▶ _What to produce_
Reproduce exactly the line that contains "by (intro sets_Collect_unique_maximizer)" and all lines that follow it in the records below, ending with the last one.

════════════════

lemma prob_unique_maximizer_noisy_matrix:
  assumes \<eta>: "\<eta> > 0" and P0: "P0 \<in> perm_matrices m"
  shows "measure (gauss_array m \<eta>) {Z \<in> space (gauss_array m \<eta>). unique_maximizer m (noisy_matrix P0 Z) P0}
       \<ge> 1 - real m ^ 2 * exp (- 1 / (2 * \<eta>))"
proof -
  let ?M = "gauss_array m \<eta>"
  interpret M: prob_space ?M using \<eta> by (rule prob_space_gauss_array)
  obtain \<sigma>0 where \<sigma>0: "\<sigma>0 \<in> {..<m} \<rightarrow> {..<m}" and P0_eq: "P0 = perm_matrix_of m \<sigma>0"
    using P0 by (rule perm_matrices_obtain_map)
  define D where "D = {(p, q). p < m \<and> q < m \<and> q \<noteq> \<sigma>0 p}"
  have D: "D \<subseteq> {..<m} \<times> {..<m}" "finite D"
    by (auto simp: D_def intro: finite_subset[of _ "{..<m} \<times> {..<m}"])
  define bad where "bad pq = {Z \<in> space ?M. 1 \<le> (Z (fst pq, \<sigma>0 (fst pq)))\<^sup>2 + (Z pq)\<^sup>2}" for pq
  have bad: "bad pq \<in> sets ?M" "measure ?M (bad pq) = exp (- 1 / (2 * \<eta>))" if "pq \<in> D" for pq
  proof -
    have "(fst pq, \<sigma>0 (fst pq)) \<in> {..<m} \<times> {..<m}" "pq \<in> {..<m} \<times> {..<m}" "(fst pq, \<sigma>0 (fst pq)) \<noteq> pq"
      using that \<sigma>0 by (auto simp: D_def)
    note components = this gauss_array_component_measurable[OF this(1)] gauss_array_component_measurable[OF this(2)]
    show "bad pq \<in> sets ?M" unfolding bad_def using components by measurable
    show "measure ?M (bad pq) = exp (- 1 / (2 * \<eta>))"
      unfolding bad_def using components by (intro prob_gauss_array_pair_outside_disc \<eta>) simp_all
  qed
  have good: "space ?M - (\<Union>pq\<in>D. bad pq) \<subseteq> {Z \<in> space ?M. unique_maximizer m (noisy_matrix P0 Z) P0}"
  proof safe
    fix Z assume Z: "Z \<in> space ?M" and not_bad: "Z \<notin> (\<Union>pq\<in>D. bad pq)"
    show "unique_maximizer m (noisy_matrix P0 Z) P0"
    proof (rule unique_maximizer_noisy_matrix[OF P0])
      fix p q q' assume "p < m" "q' < m" "P0 p q = 1" "P0 p q' = 0"
      then have "q = \<sigma>0 p" "(p, q') \<in> D"
        by (auto simp: P0_eq perm_matrix_of_def D_def split: if_splits)
      moreover from this(2) have "Z \<notin> bad (p, q')" using not_bad by blast
      ultimately show "(Z (p, q))\<^sup>2 + (Z (p, q'))\<^sup>2 < 1"
        using Z by (simp add: bad_def not_le)
    qed
  qed
  have "{Z \<in> space ?M. unique_maximizer m (noisy_matrix P0 Z) P0} \<in> sets ?M"
    unfolding noisy_matrix_def using gauss_array_component_measurable
    by (intro sets_Collect_unique_maximizer) simp
  from M.prob_ge_one_minus_union_bound[OF D(2) this good] bad
  have "measure ?M {Z \<in> space ?M. unique_maximizer m (noisy_matrix P0 Z) P0}
      \<ge> 1 - real (card D) * exp (- 1 / (2 * \<eta>))"
    by simp
  moreover have "real (card D) * exp (- 1 / (2 * \<eta>)) \<le> real m ^ 2 * exp (- 1 / (2 * \<eta>))"
    using card_mono[OF _ D(1)] by (intro mult_right_mono) (simp_all add: power2_eq_square flip: of_nat_mult)
  ultimately show ?thesis by linarith
qed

════════════════

▶ _Task response_
    by (intro sets_Collect_unique_maximizer) simp
  from M.prob_ge_one_minus_union_bound[OF D(2) this good] bad
  have "measure ?M {Z \<in> space ?M. unique_maximizer m (noisy_matrix P0 Z) P0}
      \<ge> 1 - real (card D) * exp (- 1 / (2 * \<eta>))"
    by simp
  moreover have "real (card D) * exp (- 1 / (2 * \<eta>)) \<le> real m ^ 2 * exp (- 1 / (2 * \<eta>))"
    using card_mono[OF _ D(1)] by (intro mult_right_mono) (simp_all add: power2_eq_square flip: of_nat_mult)
  ultimately show ?thesis by linarith
qed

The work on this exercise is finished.